Cloud native

See how the Ballerina programming language has constructs that seamlessly map to network programming concepts such as services and network resources. It also comes with built-in language support to deploy Ballerina applications on the cloud using Docker and Kubernetes.

In a microservice architecture, smaller services are developed, deployed, and scaled individually. These disaggregated services communicate with each other over the network forcing developers to deal with the fallacies of distributed computing in their application logic. For decades, programming languages have treated networks simply as I/O sources. The sections below demonstrate a few of Ballerina's inherent capabilities to develop distributed services effectively and the cloud-native deployment process that is provided as part of the programming experience.

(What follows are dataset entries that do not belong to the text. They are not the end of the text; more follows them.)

(* Let $B$ be the residue code of an extremal Type~II $\mathbb{Z}_4$-code of length $n$. If $n=32$ then $6\le \dim(B)\le 16$, and if $n=40$ then $7\le\dim(B)\le 20$.
   Context: A $\mathbb{Z}_4$-code of length $n$ is a $\mathbb{Z}_4$-submodule of $\mathbb{Z}_4^n$; it is self-dual if it equals its dual with respect to $x\cdot y=\sum x_iy_i \pmod 4$. The Euclidean weight of $x$ is $n_1(x)+4n_2(x)+n_3(x)$, $n_\alpha(x)$ being the number of coordinates equal to $\alpha$. A Type~II $\mathbb{Z}_4$-code is a self-dual code all of whose codewords have Euclidean weight divisible by $8$; it is extremal if its minimum Euclidean weight equals $8\lfloor n/24\rfloor+8$. The residue code is $C^{(1)}=\{c\bmod 2: c\in C\}$, a binary linear code; $\dim$ denotes its dimension over $\mathbb{F}_2$. *)

theory Defs
  imports Complex_Main "HOL-Library.Numeral_Type" "HOL-Library.Z2" "HOL-Library.Function_Algebras"
begin

definition z4_vecs :: "nat \<Rightarrow> (nat \<Rightarrow> 4) set" where
  "z4_vecs n = {x. \<forall>i\<ge>n. x i = 0}"

definition z4_code :: "nat \<Rightarrow> (nat \<Rightarrow> 4) set \<Rightarrow> bool" where
  "z4_code n C \<longleftrightarrow> C \<subseteq> z4_vecs n \<and> 0 \<in> C \<and>
     (\<forall>x\<in>C. \<forall>y\<in>C. x + y \<in> C) \<and> (\<forall>a::4. \<forall>x\<in>C. (\<lambda>i. a * x i) \<in> C)"

definition z4_inner :: "nat \<Rightarrow> (nat \<Rightarrow> 4) \<Rightarrow> (nat \<Rightarrow> 4) \<Rightarrow> 4" where
  "z4_inner n x y = (\<Sum>i<n. x i * y i)"

definition z4_dual :: "nat \<Rightarrow> (nat \<Rightarrow> 4) set \<Rightarrow> (nat \<Rightarrow> 4) set" where
  "z4_dual n C = {y \<in> z4_vecs n. \<forall>x\<in>C. z4_inner n x y = 0}"

definition z4_self_dual :: "nat \<Rightarrow> (nat \<Rightarrow> 4) set \<Rightarrow> bool" where
  "z4_self_dual n C \<longleftrightarrow> z4_code n C \<and> C = z4_dual n C"

definition euclid_wt :: "nat \<Rightarrow> (nat \<Rightarrow> 4) \<Rightarrow> nat" where
  "euclid_wt n x = card {i. i < n \<and> x i = 1} + 4 * card {i. i < n \<and> x i = 2}
                   + card {i. i < n \<and> x i = 3}"

definition type_II :: "nat \<Rightarrow> (nat \<Rightarrow> 4) set \<Rightarrow> bool" where
  "type_II n C \<longleftrightarrow> z4_self_dual n C \<and> (\<forall>c\<in>C. 8 dvd euclid_wt n c)"

definition min_euclid_wt :: "nat \<Rightarrow> (nat \<Rightarrow> 4) set \<Rightarrow> nat" where
  "min_euclid_wt n C = Min {euclid_wt n c | c. c \<in> C \<and> c \<noteq> 0}"

definition extremal_type_II :: "nat \<Rightarrow> (nat \<Rightarrow> 4) set \<Rightarrow> bool" where
  "extremal_type_II n C \<longleftrightarrow> type_II n C \<and> min_euclid_wt n C = 8 * (n div 24) + 8"

text \<open>Reduction mod 2 of an element of Z4 (Rep_bit0 gives its representative in {0..3}).\<close>
definition red2 :: "4 \<Rightarrow> bit" where
  "red2 a = of_int (Rep_bit0 a)"

definition residue_code :: "(nat \<Rightarrow> 4) set \<Rightarrow> (nat \<Rightarrow> bit) set" where
  "residue_code C = (\<lambda>c i. red2 (c i)) ` C"

definition bin_dim :: "(nat \<Rightarrow> bit) set \<Rightarrow> nat" where
  "bin_dim B = vector_space.dim (\<lambda>(a::bit) (v::nat \<Rightarrow> bit) i. a * v i) B"

end

theory Submission
  imports Defs
begin

(*
  Let C be a Type II Z4-code of length n > 0 whose nonzero codewords have
  Euclidean weight at least 12, let B be its residue code, k = dim B and T = B^perp.
  (1) Character sums give |B| * |B^perp| = 2^n, and |B| = 2^k.
  (2) Self-duality of C gives B <= T, hence 2^(2k) <= 2^n, i.e. 2k <= n.
  (3) The map v |-> 2v embeds T into C (torsion code) with Euclidean weight 4 wt(v); so
      every vector of T has even Hamming weight and nonzero ones have weight >= 3.
  (4) A sphere-packing count for such an even code: the vectors v + e_i (v in T, i < n)
      are pairwise distinct and of odd weight, so n |T| <= 2^(n-1); with |T| = 2^(n-k)
      this is 2n <= 2^k.
  For an extremal code of length 32 or 40 the minimum Euclidean weight is 16, and the two
  inequalities 2k <= n, 2n <= 2^k give exactly the stated bounds.
*)

(* Keep + and * on F2 as field operations instead of unfolding them to xor/and. *)
declare add_bit_eq_xor[simp del] mult_bit_eq_and[simp del]

definition bin_vecs :: "nat \<Rightarrow> (nat \<Rightarrow> bit) set" where
  "bin_vecs n = {x. \<forall>i\<ge>n. x i = 0}"

definition bin_inner :: "nat \<Rightarrow> (nat \<Rightarrow> bit) \<Rightarrow> (nat \<Rightarrow> bit) \<Rightarrow> bit" where
  "bin_inner n x y = (\<Sum>i<n. x i * y i)"

definition bin_perp :: "nat \<Rightarrow> (nat \<Rightarrow> bit) set \<Rightarrow> (nat \<Rightarrow> bit) set" where
  "bin_perp n B = {y \<in> bin_vecs n. \<forall>x\<in>B. bin_inner n x y = 0}"

definition unit_vec :: "nat \<Rightarrow> nat \<Rightarrow> bit" where
  "unit_vec i = (\<lambda>j. if j = i then 1 else 0)"

definition hamming_wt :: "nat \<Rightarrow> (nat \<Rightarrow> bit) \<Rightarrow> nat" where
  "hamming_wt n v = card {i. i < n \<and> v i = 1}"

text \<open>A binary linear code of length n: an additive subgroup of the length-n vectors
  (over F2 this is the same as a subspace).\<close>
definition bin_code :: "nat \<Rightarrow> (nat \<Rightarrow> bit) set \<Rightarrow> bool" where
  "bin_code n B \<longleftrightarrow> B \<subseteq> bin_vecs n \<and> 0 \<in> B \<and> (\<forall>x\<in>B. \<forall>y\<in>B. x + y \<in> B)"

lemma bit_cases2: "(k::bit) = 0 \<or> k = 1"
  by (cases k) auto

lemma bit_add_self [simp]: "(a::bit) + a = 0"
  by (cases a) auto

lemma fun_add_self [simp]: "(x::nat \<Rightarrow> bit) + x = 0"
  by (simp add: fun_eq_iff)

lemma bin_inner_add_left: "bin_inner n (x + y) z = bin_inner n x z + bin_inner n y z"
  by (simp add: bin_inner_def sum.distrib distrib_right)

lemma bin_inner_add_right: "bin_inner n z (x + y) = bin_inner n z x + bin_inner n z y"
  by (simp add: bin_inner_def sum.distrib distrib_left)

lemma bin_inner_zero_left [simp]: "bin_inner n 0 x = 0"
  by (simp add: bin_inner_def)

lemma bin_inner_zero_right [simp]: "bin_inner n x 0 = 0"
  by (simp add: bin_inner_def)

lemma bin_inner_unit_vec:
  assumes "i < n" shows "bin_inner n b (unit_vec i) = b i"
proof -
  have "bin_inner n b (unit_vec i) = (\<Sum>j<n. if j = i then b j else 0)"
    unfolding bin_inner_def unit_vec_def by (rule sum.cong) auto
  then show ?thesis using assms by simp
qed

lemma of_nat_bit_eq_0: "(of_nat m :: bit) = 0 \<longleftrightarrow> even m"
  by (induction m) auto

definition all_ones :: "nat \<Rightarrow> nat \<Rightarrow> bit" where
  "all_ones n = (\<lambda>i. if i < n then 1 else 0)"

lemma bin_inner_all_ones: "bin_inner n (all_ones n) v = of_nat (hamming_wt n v)"
proof -
  have "bin_inner n (all_ones n) v = (\<Sum>i<n. (of_bool (v i = 1) :: bit))"
    unfolding bin_inner_def all_ones_def by (rule sum.cong) (use bit_cases2 in auto)
  also have "\<dots> = of_nat (card ({..<n} \<inter> {i. v i = 1}))" by simp
  also have "{..<n} \<inter> {i. v i = 1} = {i. i < n \<and> v i = 1}" by auto
  finally show ?thesis by (simp add: hamming_wt_def)
qed

lemma hamming_wt_unit_sum_le: "hamming_wt n (unit_vec i + unit_vec j) \<le> 2"
proof -
  have "card {l. l < n \<and> (unit_vec i + unit_vec j) l = 1} \<le> card {i, j}"
    by (rule card_mono) (auto simp: unit_vec_def)
  also have "\<dots> \<le> 2" by (simp add: card_insert_if)
  finally show ?thesis by (simp add: hamming_wt_def)
qed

Network-friendly type system

Ballerina's type system is specifically focused on aiding the development of networked and distributed applications. Ballerina is a null-safe language with built-in support for popular wire formats JSON and XML, and seamless conversions between JSON and user-defined types.

Get started

The sample below demonstrates a few simple usages of json and xml types.

Copy
import ballerina/io;

public function main() returns error? {
    string name = "Katie Melua";

    // XML literal.
    xml album = xml
    `<Album>
        <name>Piece By Piece</name>
        <artist>${name}</artist>
        <song>Spider's Web</song>
        <song>Nine Million Bicycles</song>
    </Album>`;
    io:println("XML Value: ", album);

    // Extract the list of song names from the XML value using a query expression.
    string[] songs = from var song in album/<song>
        select song.data();
    io:println("Extracted song names: ", songs);

    // JSON literal.
    json jAlbum = {
        "name": (album/<name>).data(),
        "artist": name,
        songs
    };
    io:println("JSON value: ", jAlbum);

    json artistName = check jAlbum.artist;
    io:println("Album artist: ", artistName);
}

The Ballerina source file is compiled and executed in the following manner.

Copy
$ bal run xml_json_sample.bal

Output:

Compiling source xml_json_sample.bal Running executable XML Value: <Album> <name>Piece By Piece</name> <artist>Katie Melua</artist> <song>Spider's Web</song> <song>Nine Million Bicycles</song> </Album> Extracted song names: ["Spider's Web","Nine Million Bicycles"] JSON value: {"name":"Piece By Piece","artist":"Katie Melua","songs":["Spider's Web","Nine Million Bicycles"]} Album artist: Katie Melua

Services

Services in Ballerina work with a listener object and can have one or more resource methods that contain application logic. The listener object provides an interface between the network and the service. It receives network messages from a remote process according to the defined protocol (e.g., HTTP, GraphQL). Next, it translates them into calls on the resource methods of the services that have been attached to the listener object.

Get started

Below is a simple Hello World service to get you started.

Copy
import ballerina/http;

service on new http:Listener(9090) {

    resource function get greeting() returns string {
        return "Hello, World!";
    }
}

The Ballerina source file is compiled and executed in the following manner.

Copy
$ bal run hello.bal

You view the output below.

Copy
Compiling source hello.bal Running executable $ curl http://localhost:9090/greeting Hello, World!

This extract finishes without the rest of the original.